The Contagion Web
How shocks actually spread between banks and investment funds, and why single-sector models are no longer sufficient
In a highly interconnected world, one of the most persistent intellectual failings of the credentialed class, particularly within financial regulation, is the tendency to examine complex systems in isolation. We build elaborate, mathematically elegant models to stress-test banks, treating them as if they exist within a vacuum. But as the structural shifts of the past decade have shown us, the center of gravity in global finance has moved.
The conventional wisdom in macroprudential policy has long been to safeguard the banking sector. Yet, if we only look at banks, we suffer from our own form of institutional deafness. We fail to hear the signals emanating from the rapidly expanding non-bank financial intermediation (NBFI) sector, and specifically, investment funds.
What happens when an exogenous shock hits the system? Do banks and investment funds absorb the blow independently, or do their reactions feed off one another, creating a contagion web that amplifies the initial damage?
This was the core question my colleagues and I set out to answer in our recent paper, Shock amplification in an interconnected financial system of banks and investment funds, published in the Journal of Financial Stability.
The Conventional Wisdom: The Danger of the Silo
Historically, central banks and supervisory authorities have relied on single-sector stress testing models. We shock the banks. We see how the banks react. We declare the system safe or vulnerable.
But the reality of modern finance is deeply entangled. Banks and investment funds hold overlapping portfolios. Banks lend to funds; funds hold securities issued by banks. When a crisis strikes, such as the sudden economic halt caused by the COVID-19 outbreak, these entities do not merely absorb the shock in isolation. Their endogenous reactions, their desperate bids for liquidity and survival, collide.
The Contagion Web: Liquidity and Solvency

To understand this hidden plumbing, we built a novel model of contagion propagation using a remarkably granular dataset for the euro area. We subjected both sectors to a severe, multi-layered exogenous shock: a default shock, a market shock, and a redemption shock (where investors suddenly pull their capital from funds).
Our model revealed that the contagion mechanism operates through a dual channel of liquidity and solvency risk.
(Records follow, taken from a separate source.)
text \<open>The finite/algebraically closed base field enters only as a subfield
  containing alpha = 1/j, and the transcendence of x only through x \<noteq> 0 and
  x^(l-1) \<noteq> 1.\<close>

theorem lemma2p9:
  fixes p q j k :: nat and K :: "'a::field set" and x y u :: 'a
  assumes "prime p" and "of_nat p = (0::'a)"
    and "\<exists>e\<ge>1. q = p ^ e"
    and "j \<ge> 1" and "k \<ge> 1" and "j + k \<ge> 2"
    and "coprime j k" and "\<not> p dvd j"
    and "is_finite_field_of_size K (q ^ (j + k)) \<or> is_alg_closure_of_Fl K (q ^ (j + k))"
    and "transcendental_over K x"
    and "Tr q j (y / x ^ (q ^ k)) + Tr q k (y ^ (q ^ j) / x) = 1"
    and "u \<in> field_adj K {x, y}"
    and "y / x ^ (q ^ k) = Tr q k u + inverse (of_nat j)"
    and "y ^ (q ^ j) / x = - Tr q j u"
  shows "field_adj K {u} =
         field_adj K {- (y ^ (q ^ (j + k) - 1)), - (x ^ (q ^ (j + k) - 1))}"
proof -
  obtain e where e: "e \<ge> 1" "q = p ^ e" using assms(3) by blast
  have "p ^ 1 \<le> q"
    unfolding e(2) using e(1) prime_gt_1_nat[OF assms(1)] by (intro power_increasing) auto
  then have q2: "q \<ge> 2" using prime_ge_2_nat[OF assms(1)] by simp
  have "q ^ 1 \<le> q ^ (j + k)" using assms(4) q2 by (intro power_increasing) auto
  then have l_exp: "q ^ (j + k) - 1 \<ge> 1" using q2 by simp
  have q_pos: "q > 0" using q2 by simp
  have K: "is_subfield K"
    using assms(9) unfolding is_finite_field_of_size_def is_alg_closure_of_Fl_def by blast
  have x0: "x \<noteq> 0"
    using transcendental_power_neq[OF K assms(10) order.refl subfield_0[OF K]] by simp
  have X1: "x ^ (q ^ (j + k) - 1) \<noteq> 1"
    using transcendental_power_neq[OF K assms(10) l_exp subfield_1[OF K]] .
  interpret basic_relations p e q j k u "y / x ^ (q ^ k)" "y ^ (q ^ j) / x"
      "x ^ (q ^ (j + k) - 1)" "y ^ (q ^ (j + k) - 1)" "inverse (of_nat j)"
    using basic_relations.intro[OF assms(1,2) e(2) assms(4,5,7,11,13,14)
        frobenius_inverse_of_nat[OF assms(1,2) e(2)] basic_identity_B[OF q_pos x0]
        basic_identity_B_power[OF q_pos] _ X1] x0 by simp
  show ?thesis
    using generated_subfields_eq[OF K subfield_inverse[OF K subfield_of_nat[OF K]]] .
qed

end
When investment funds face sudden, massive redemptions, they are forced to liquidate assets rapidly to generate cash. This phenomenon, the classic “fire sale,” depresses asset prices across the board. Because banks hold many of those exact same assets, their balance sheets instantly take a hit.
The findings are stark:
Amplification, not containment: The combined, endogenous reaction of banks and investment funds significantly amplifies losses to the broader financial system compared to single-sector stress testing models.
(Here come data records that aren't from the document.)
lemma sum_row_delta:
  assumes "l < L" "r < NR"
  shows "(\<Sum>l'<L. \<Sum>r'<NR. if (l', r') = (l, r) then f l' r' else 0) = (f l r :: real)"
proof -
  have "(\<Sum>r'<NR. if (l', r') = (l, r) then f l' r' else 0) = (if l' = l then f l r else 0)" for l'
    using assms by (cases "l' = l") (simp_all add: sum.delta')
  then show ?thesis
    using assms by (simp add: sum.delta')
qed

lemma inner_re_coords:
  "inner_on coords (re_coords Y) (re_coords V) = (\<Sum>l<L. \<Sum>r<NR. Re (\<Sum>t<Ns. Y l r t * cnj (V l r t)))"
  by (simp add: inner_on_def sum_coords re_coords_def Re_sum)

lemma inner_re_coords_self:
  "inner_on coords (re_coords Y) (re_coords Y) = (\<Sum>l<L. \<Sum>r<NR. \<Sum>t<Ns. (cmod (Y l r t))\<^sup>2)"
  by (simp add: inner_re_coords Re_sum complex_mult_cnj cmod_power2)

lemma inner_re_coords_s_dir:
  assumes "l < L" "r < NR"
  shows "inner_on coords (re_coords Y) (s_dir (l, r, \<beta>))
       = Re (cnj (if \<beta> then \<i> else 1) * (\<Sum>t<Ns. Y l r t * cnj (s t))) / sqrt s_sq_norm"
proof -
  let ?u = "if \<beta> then \<i> else 1"
  have "inner_on coords (re_coords Y) (s_dir (l, r, \<beta>))
      = (\<Sum>l'<L. \<Sum>r'<NR. if (l', r') = (l, r)
           then Re (\<Sum>t<Ns. Y l' r' t * cnj (?u * s t / complex_of_real (sqrt s_sq_norm))) else 0)"
    unfolding s_dir_def case_prod_conv inner_re_coords
    by (intro sum.cong refl) (auto simp: diff_divide_distrib add_divide_distrib)
  also have "\<dots> = Re (\<Sum>t<Ns. Y l r t * cnj (?u * s t / complex_of_real (sqrt s_sq_norm)))"
    by (rule sum_row_delta[OF assms])
  also have "(\<Sum>t<Ns. Y l r t * cnj (?u * s t / complex_of_real (sqrt s_sq_norm)))
      = cnj ?u * (\<Sum>t<Ns. Y l r t * cnj (s t)) / complex_of_real (sqrt s_sq_norm)"
    by (simp add: sum_distrib_left sum_divide_distrib mult_ac)
  finally show ?thesis by simp
qed

lemma s_dir_orthonormal:
  assumes "a \<in> dirs" "b \<in> dirs"
  shows "inner_on coords (s_dir a) (s_dir b) = (if a = b then 1 else 0)"
proof -
  obtain l r \<beta> where b: "b = (l, r, \<beta>)" and l: "l < L" and r: "r < NR"
    using assms(2) by (auto simp: dirs_def)
  obtain l' r' \<alpha> where a: "a = (l', r', \<alpha>)" by (cases a) auto
  let ?u = "\<lambda>\<gamma>. if \<gamma> then \<i> else 1"
  let ?row = "\<lambda>t. if (l, r) = (l', r') then ?u \<alpha> * s t / complex_of_real (sqrt s_sq_norm) else 0"
  have "s_dir a = re_coords (\<lambda>l'' r'' t.
      if (l'', r'') = (l', r') then ?u \<alpha> * s t / complex_of_real (sqrt s_sq_norm) else 0)"
    by (simp add: a s_dir_def)
  then have "inner_on coords (s_dir a) (s_dir b) = Re (cnj (?u \<beta>) * (\<Sum>t<Ns. ?row t * cnj (s t))) / sqrt s_sq_norm"
    unfolding b by (simp only: inner_re_coords_s_dir[OF l r])
  also have "\<dots> = (if (l, r) = (l', r') then Re (cnj (?u \<beta>) * ?u \<alpha>) else 0)"
  proof (cases "(l, r) = (l', r')")
    case True
    have "(\<Sum>t<Ns. ?row t * cnj (s t)) = ?u \<alpha> * (\<Sum>t<Ns. s t * cnj (s t)) / complex_of_real (sqrt s_sq_norm)"
      using True by (simp add: sum_distrib_left sum_divide_distrib mult_ac)
    also have "\<dots> = ?u \<alpha> * complex_of_real (sqrt s_sq_norm)"
    proof -
      have "complex_of_real s_sq_norm / complex_of_real (sqrt s_sq_norm) = complex_of_real (sqrt s_sq_norm)"
        using s_sq_norm_pos by (simp add: real_div_sqrt flip: of_real_divide)
      then show ?thesis by (simp only: sum_s_cnj_s times_divide_eq_right[symmetric])
    qed
    finally show ?thesis
      using True s_sq_norm_pos by (simp add: mult.assoc[symmetric])
  next
    case False
    then have "?row = (\<lambda>t. 0)" by auto
    then show ?thesis using False by (simp only: mult_zero_left sum.neutral_const) simp
  qed
  finally show ?thesis by (auto simp: a b)
qed

lemma proj_sq_norm_re_coords:
  "proj_sq_norm coords dirs s_dir (re_coords Y)
     = (\<Sum>l<L. \<Sum>r<NR. (cmod (\<Sum>t<Ns. Y l r t * cnj (s t)))\<^sup>2) / s_sq_norm"
proof -
  have sq: "(Re (cnj 1 * S) / sqrt s_sq_norm)\<^sup>2 + (Re (cnj \<i> * S) / sqrt s_sq_norm)\<^sup>2
      = (cmod S)\<^sup>2 / s_sq_norm" for S
    using s_sq_norm_pos by (simp add: power_divide cmod_power2 add_divide_distrib)
  have "(inner_on coords (re_coords Y) (s_dir (l, r, False)))\<^sup>2 + (inner_on coords (re_coords Y) (s_dir (l, r, True)))\<^sup>2
      = (cmod (\<Sum>t<Ns. Y l r t * cnj (s t)))\<^sup>2 / s_sq_norm" if "l < L" "r < NR" for l r
    unfolding inner_re_coords_s_dir[OF that] if_False if_True by (rule sq)
  then show ?thesis
    unfolding proj_sq_norm_def sum_dirs sum_divide_distrib by (auto intro!: sum.cong)
qed

lemma LG_stat_eq_proj_F_stat:
  "(real Ns - 1) * LG_stat NR L Ns s Y = proj_F_stat coords dirs s_dir (re_coords Y)"
proof -
  let ?P = "proj_sq_norm coords dirs s_dir (re_coords Y)"
  let ?I = "inner_on coords (re_coords Y) (re_coords Y)"
  have Ns: "Ns \<ge> 1" using s_nonzero by auto
  have "LG_stat NR L Ns s Y = ?P / (?I - ?P)"
    unfolding LG_stat_def Let_def s_sq_norm_def[symmetric] proj_sq_norm_re_coords inner_re_coords_self
    by (simp add: sum_subtractf sum_divide_distrib)
  moreover have "real (card coords - card dirs) = (real Ns - 1) * real (card dirs)"
    using Ns by (simp add: card_coords card_dirs of_nat_diff algebra_simps)
  ultimately show ?thesis
    using NR_pos L_pos by (simp add: proj_F_stat_def card_dirs)
qed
The Fire Sale Penalty: Adding the investment fund sector to our traditional banking model leads to substantial additional losses driven entirely by these endogenous market losses generated by investment funds’ asset liquidation.
Capital Depletion: This interconnectedness causes a further depletion of banks’ capital ratios by around one full percentage point — a highly material impact during a severe systemic crisis.
The Policy Imperative

For those of us tasked with safeguarding the European financial system, the implications are clear. The days of siloed, single-sector stress testing must end.
If we continue to view the financial system as a collection of independent fortresses rather than a deeply integrated ecosystem, our models will remain elegant but dangerously incomplete. We must expand the scope of financial stability analysis to capture this institution-level contagion across different sectors.
Understanding the world requires us to map the connections others ignore. As the shadow banking sector continues to grow, our regulatory frameworks must evolve from monitoring isolated entities to managing the contagion web itself.